● Work order
Keeping every word the same, return the listing from its first line until the line holding "using y_image by auto" has been returned as well.

###

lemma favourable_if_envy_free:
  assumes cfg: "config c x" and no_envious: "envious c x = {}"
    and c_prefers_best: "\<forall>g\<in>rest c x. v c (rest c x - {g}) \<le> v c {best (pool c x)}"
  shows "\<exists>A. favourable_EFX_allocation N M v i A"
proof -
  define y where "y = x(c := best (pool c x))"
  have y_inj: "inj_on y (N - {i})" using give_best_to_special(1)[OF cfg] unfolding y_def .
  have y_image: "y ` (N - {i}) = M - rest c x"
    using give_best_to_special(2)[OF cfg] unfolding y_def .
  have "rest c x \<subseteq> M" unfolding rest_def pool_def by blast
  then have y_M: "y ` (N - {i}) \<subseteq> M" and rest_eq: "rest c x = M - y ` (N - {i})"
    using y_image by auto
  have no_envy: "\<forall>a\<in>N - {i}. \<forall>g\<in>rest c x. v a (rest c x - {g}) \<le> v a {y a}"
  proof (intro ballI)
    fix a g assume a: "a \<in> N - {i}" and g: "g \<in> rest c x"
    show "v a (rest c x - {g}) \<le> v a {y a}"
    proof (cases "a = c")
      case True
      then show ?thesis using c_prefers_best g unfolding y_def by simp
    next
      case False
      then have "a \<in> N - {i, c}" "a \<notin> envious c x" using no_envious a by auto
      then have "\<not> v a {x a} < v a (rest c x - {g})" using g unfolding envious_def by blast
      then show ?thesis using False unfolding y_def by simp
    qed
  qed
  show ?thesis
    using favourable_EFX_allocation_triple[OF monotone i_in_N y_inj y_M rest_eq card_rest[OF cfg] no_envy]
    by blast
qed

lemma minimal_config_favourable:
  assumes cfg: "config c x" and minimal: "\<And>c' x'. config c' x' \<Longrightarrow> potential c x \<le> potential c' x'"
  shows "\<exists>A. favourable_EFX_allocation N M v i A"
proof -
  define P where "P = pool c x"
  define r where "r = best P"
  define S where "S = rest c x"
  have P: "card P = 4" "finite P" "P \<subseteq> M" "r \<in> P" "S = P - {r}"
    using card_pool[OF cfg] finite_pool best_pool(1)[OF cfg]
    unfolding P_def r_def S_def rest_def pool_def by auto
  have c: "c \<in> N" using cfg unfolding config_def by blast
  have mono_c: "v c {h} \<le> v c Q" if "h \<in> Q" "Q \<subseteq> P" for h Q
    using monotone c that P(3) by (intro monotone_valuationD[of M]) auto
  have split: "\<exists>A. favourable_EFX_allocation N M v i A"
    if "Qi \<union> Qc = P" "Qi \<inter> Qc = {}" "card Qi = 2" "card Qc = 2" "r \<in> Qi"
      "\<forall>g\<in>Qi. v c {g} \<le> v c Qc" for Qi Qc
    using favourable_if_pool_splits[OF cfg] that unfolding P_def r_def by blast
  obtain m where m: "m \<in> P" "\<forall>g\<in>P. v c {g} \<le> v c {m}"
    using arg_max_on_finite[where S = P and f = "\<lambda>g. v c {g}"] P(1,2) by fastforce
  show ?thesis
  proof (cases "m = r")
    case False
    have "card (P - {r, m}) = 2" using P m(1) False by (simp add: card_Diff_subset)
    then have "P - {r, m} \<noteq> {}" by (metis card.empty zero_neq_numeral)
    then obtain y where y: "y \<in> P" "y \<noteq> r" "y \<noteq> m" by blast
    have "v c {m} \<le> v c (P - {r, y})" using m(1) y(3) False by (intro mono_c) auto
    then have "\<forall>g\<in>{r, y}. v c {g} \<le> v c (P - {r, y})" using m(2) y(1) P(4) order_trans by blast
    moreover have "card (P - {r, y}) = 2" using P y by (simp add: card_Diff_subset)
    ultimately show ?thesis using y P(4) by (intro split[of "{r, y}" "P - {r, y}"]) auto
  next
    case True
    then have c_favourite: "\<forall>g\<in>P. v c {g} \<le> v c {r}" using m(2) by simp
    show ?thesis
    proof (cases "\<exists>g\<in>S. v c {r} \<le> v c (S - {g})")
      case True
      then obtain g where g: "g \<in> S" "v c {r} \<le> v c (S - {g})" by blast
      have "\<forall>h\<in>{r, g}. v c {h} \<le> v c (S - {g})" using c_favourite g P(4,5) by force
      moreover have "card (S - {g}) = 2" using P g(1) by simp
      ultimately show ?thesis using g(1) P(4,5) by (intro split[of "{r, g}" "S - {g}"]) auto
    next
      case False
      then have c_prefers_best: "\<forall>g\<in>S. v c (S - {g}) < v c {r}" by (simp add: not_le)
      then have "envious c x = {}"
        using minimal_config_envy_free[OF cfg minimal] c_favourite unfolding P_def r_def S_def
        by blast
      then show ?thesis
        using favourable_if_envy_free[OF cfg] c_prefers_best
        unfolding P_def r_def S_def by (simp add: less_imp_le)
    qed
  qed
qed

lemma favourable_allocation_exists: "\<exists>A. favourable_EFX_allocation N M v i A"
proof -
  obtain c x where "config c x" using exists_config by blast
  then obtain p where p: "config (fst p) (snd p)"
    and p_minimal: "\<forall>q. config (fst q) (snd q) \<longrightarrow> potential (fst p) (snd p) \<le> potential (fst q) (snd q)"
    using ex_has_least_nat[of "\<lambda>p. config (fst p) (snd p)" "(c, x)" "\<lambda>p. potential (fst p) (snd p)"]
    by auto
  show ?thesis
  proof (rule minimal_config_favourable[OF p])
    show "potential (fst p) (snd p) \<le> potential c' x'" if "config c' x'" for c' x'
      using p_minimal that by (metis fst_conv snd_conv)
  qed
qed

###

● Answer for the task
lemma favourable_if_envy_free:
  assumes cfg: "config c x" and no_envious: "envious c x = {}"
    and c_prefers_best: "\<forall>g\<in>rest c x. v c (rest c x - {g}) \<le> v c {best (pool c x)}"
  shows "\<exists>A. favourable_EFX_allocation N M v i A"
proof -
  define y where "y = x(c := best (pool c x))"
  have y_inj: "inj_on y (N - {i})" using give_best_to_special(1)[OF cfg] unfolding y_def .
  have y_image: "y ` (N - {i}) = M - rest c x"
    using give_best_to_special(2)[OF cfg] unfolding y_def .
  have "rest c x \<subseteq> M" unfolding rest_def pool_def by blast
  then have y_M: "y ` (N - {i}) \<subseteq> M" and rest_eq: "rest c x = M - y ` (N - {i})"
    using y_image by auto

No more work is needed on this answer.